### What the exercise asks
From the entries below, copy every line where the string "Longrightarrow" appears.

### Exercise inputs
lemma dist_ray_le:
  assumes g: "g \<in> germs y" and u: "0 \<le> u" "u \<le> inj_radius y" and v: "0 \<le> v" "v \<le> inj_radius y"
  shows "dist (ray g u) (ray g v) \<le> \<bar>u - v\<bar>"
proof -
  obtain e t0 \<sigma> where geq: "g = (e, t0, \<sigma>)" by (cases g)
  note gd = germsD[OF g[unfolded geq]]
  have pu: "t0 + \<sigma> * u \<in> {0..l e}" and pv: "t0 + \<sigma> * v \<in> {0..l e}"
    using ray_param_in_edge[OF g[unfolded geq]] u v by auto
  have "dist (gamma e (t0 + \<sigma> * u)) (gamma e (t0 + \<sigma> * v)) \<le> \<bar>(t0 + \<sigma> * u) - (t0 + \<sigma> * v)\<bar>"
  proof (cases "t0 + \<sigma> * u \<le> t0 + \<sigma> * v")
    case True
    then show ?thesis using dist_edge_le[OF gd(1), of "t0 + \<sigma> * u" "t0 + \<sigma> * v"] pu pv by simp
  next
    case False
    then show ?thesis using dist_edge_le[OF gd(1), of "t0 + \<sigma> * v" "t0 + \<sigma> * u"] pu pv
      by (simp add: dist_commute)
  qed
  also have "\<dots> = \<bar>u - v\<bar>"
    using gd(5) by (auto simp: algebra_simps)
  finally show ?thesis
    unfolding geq ray_eq .
qed

lemma continuous_on_ray: "g \<in> germs y \<Longrightarrow> continuous_on {0..inj_radius y} (ray g)"
  by (rule lipschitz_on_continuous_on[of 1]) (auto intro!: lipschitz_onI simp: dist_ray_le dist_real_def)

lemma compact_ray_image:
  assumes "g \<in> germs y" "0 \<le> a" "b \<le> inj_radius y"
  shows "compact (ray g ` {a..b})"
  using assms by (intro compact_continuous_image continuous_on_subset[OF continuous_on_ray]) auto

section \<open>The star of a point\<close>

lemma on_ray_if_near_preimage:
  assumes e: "e \<in> E" "t0 \<in> {0..l e}" "t \<in> {0..l e}" "gamma e t0 = y"
    and near: "t \<noteq> t0" "\<bar>t - t0\<bar> < inj_radius y"
  shows "gamma e t \<in> (\<Union>g\<in>germs y. ray g ` {0<..<inj_radius y})"
proof (cases "t0 < t")
  case True
  then have "(e, t0, 1) \<in> germs y" "gamma e t = ray (e, t0, 1) (t - t0)"
    using e unfolding germs_def by (auto simp: ray_eq)
  then show ?thesis
    using True near by force
next
  case False
  then have "(e, t0, -1) \<in> germs y" "gamma e t = ray (e, t0, -1) (t0 - t)"
    using e near(1) unfolding germs_def by (auto simp: ray_eq)
  then show ?thesis
    using False near by force
qed

text \<open>Away from the preimages of \<open>y\<close>, the finitely many vertices and edges near \<open>y\<close>
  form a compact set missing \<open>y\<close>.\<close>

lemma star_neighbourhood_exists:
  "\<exists>\<eta>>0. \<eta> \<le> inj_radius y \<and> ball y \<eta> \<subseteq> insert y (\<Union>g\<in>germs y. ray g ` {0<..<inj_radius y})"
proof -
  define L where "L = inj_radius y"
  obtain W where W: "open W" "y \<in> W" "finite (V \<inter> W)" "finite {e\<in>E. gamma e ` {0..l e} \<inter> W \<noteq> {}}"
    using locally_finite[of y] by blast
  define EW where "EW = {e\<in>E. gamma e ` {0..l e} \<inter> W \<noteq> {}}"
  define K where "K e = {0..l e} \<inter> (\<Inter>t0\<in>{t0\<in>{0..l e}. gamma e t0 = y}. {t. L \<le> \<bar>t - t0\<bar>})" for e
  have "compact (K e)" for e
  proof -
    have "closed {t::real. L \<le> \<bar>t - t0\<bar>}" for t0
      by (intro closed_Collect_le continuous_intros)
    then show ?thesis
      unfolding K_def by (intro compact_Int_closed compact_Icc closed_INT) auto
  qed
  then have "compact (gamma e ` K e)" if "e \<in> E" for e
    using that by (intro compact_continuous_image continuous_on_subset[OF edge_continuous]) (auto simp: K_def)
  then have "compact (\<Union>e\<in>EW. gamma e ` K e)"
    using W(4) unfolding EW_def by (intro compact_UN) auto
  moreover have "compact (V \<inter> W - {y})"
    using W(3) by (intro finite_imp_compact) auto
  ultimately have "compact ((V \<inter> W - {y}) \<union> (\<Union>e\<in>EW. gamma e ` K e))"
    by (intro compact_Un)
  moreover have "y \<notin> (V \<inter> W - {y}) \<union> (\<Union>e\<in>EW. gamma e ` K e)"
    using inj_radius_pos[of y] unfolding K_def L_def by force
  ultimately obtain \<eta>0 where \<eta>0: "\<eta>0 > 0" "ball y \<eta>0 \<subseteq> - ((V \<inter> W - {y}) \<union> (\<Union>e\<in>EW. gamma e ` K e))"
    by (meson ComplI compact_imp_closed open_Compl open_contains_ball)
  obtain \<eta>1 where \<eta>1: "\<eta>1 > 0" "ball y \<eta>1 \<subseteq> W"
    using W(1,2) open_contains_ball by blast
  define \<eta> where "\<eta> = min (min \<eta>0 \<eta>1) L"
  have "z \<in> (\<Union>g\<in>germs y. ray g ` {0<..<L})" if z: "z \<in> ball y \<eta>" "z \<noteq> y" for z
  proof -
    have "z \<in> ball y \<eta>0" "z \<in> ball y \<eta>1"
      using z(1) unfolding \<eta>_def by auto
    then have zW: "z \<in> W" and zF: "z \<notin> (V \<inter> W - {y}) \<union> (\<Union>e\<in>EW. gamma e ` K e)"
      using \<eta>0(2) \<eta>1(2) by blast+
    then obtain e t where et: "e \<in> E" "t \<in> {0..l e}" "z = gamma e t"
      using vertex_or_on_edge[of z] z(2) by blast
    then have "e \<in> EW"
      using zW unfolding EW_def by blast
    then have "t \<notin> K e"
      using zF et(3) by blast
    then obtain t0 where t0: "t0 \<in> {0..l e}" "gamma e t0 = y" "\<bar>t - t0\<bar> < L"
      using et(2) unfolding K_def by force
    then show ?thesis
      using on_ray_if_near_preimage[OF et(1) t0(1) et(2) t0(2)] et(3) z(2) unfolding L_def by fastforce
  qed
  moreover have "0 < \<eta>" "\<eta> \<le> L"
    using \<eta>0 \<eta>1 inj_radius_pos[of y] unfolding \<eta>_def L_def by auto
  ultimately show ?thesis
    unfolding L_def by blast
qed

definition star_radius :: "'a \<Rightarrow> real" where
  "star_radius y = (SOME \<eta>. 0 < \<eta> \<and> \<eta> \<le> inj_radius y \<and>
     ball y \<eta> \<subseteq> insert y (\<Union>g\<in>germs y. ray g ` {0<..<inj_radius y}))"

lemma
  shows star_radius_pos: "0 < star_radius y"
    and star_radius_le: "star_radius y \<le> inj_radius y"
    and star_radius_ball: "ball y (star_radius y) \<subseteq> insert y (\<Union>g\<in>germs y. ray g ` {0<..<inj_radius y})"
  using someI_ex[OF star_neighbourhood_exists[of y]] unfolding star_radius_def by auto

lemma star_ballE:
  assumes "z \<in> ball y (star_radius y)" "z \<noteq> y"
  obtains g u where "g \<in> germs y" "0 < u" "u < inj_radius y" "z = ray g u"
proof -
  have "z \<in> (\<Union>g\<in>germs y. ray g ` {0<..<inj_radius y})"
    using star_radius_ball assms by blast
  then obtain g u where "g \<in> germs y" "u \<in> {0<..<inj_radius y}" "z = ray g u"
    by blast
  then show ?thesis
    by (intro that[of g u]) auto
qed

definition branch :: "'a \<Rightarrow> nat \<times> real \<times> real \<Rightarrow> 'a set" where
  "branch y g = ray g ` {0<..<inj_radius y} \<inter> ball y (star_radius y)"

lemma ray_in_branch:
  "0 < u \<Longrightarrow> u < inj_radius y \<Longrightarrow> ray g u \<in> ball y (star_radius y) \<Longrightarrow> ray g u \<in> branch y g"
  unfolding branch_def by auto

lemma branch_subset_ray: "branch y g \<subseteq> ray g ` {0..inj_radius y}"
  unfolding branch_def by auto

lemma branches_disjoint:
  assumes "g \<in> germs y" "g' \<in> germs y" "g \<noteq> g'"
  shows "branch y g \<inter> branch y g' = {}"
  using rays_disjoint[OF assms] unfolding branch_def by fastforce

### Finished task
lemma continuous_on_ray: "g \<in> germs y \<Longrightarrow> continuous_on {0..inj_radius y} (ray g)"
  "0 < u \<Longrightarrow> u < inj_radius y \<Longrightarrow> ray g u \<in> ball y (star_radius y) \<Longrightarrow> ray g u \<in> branch y g"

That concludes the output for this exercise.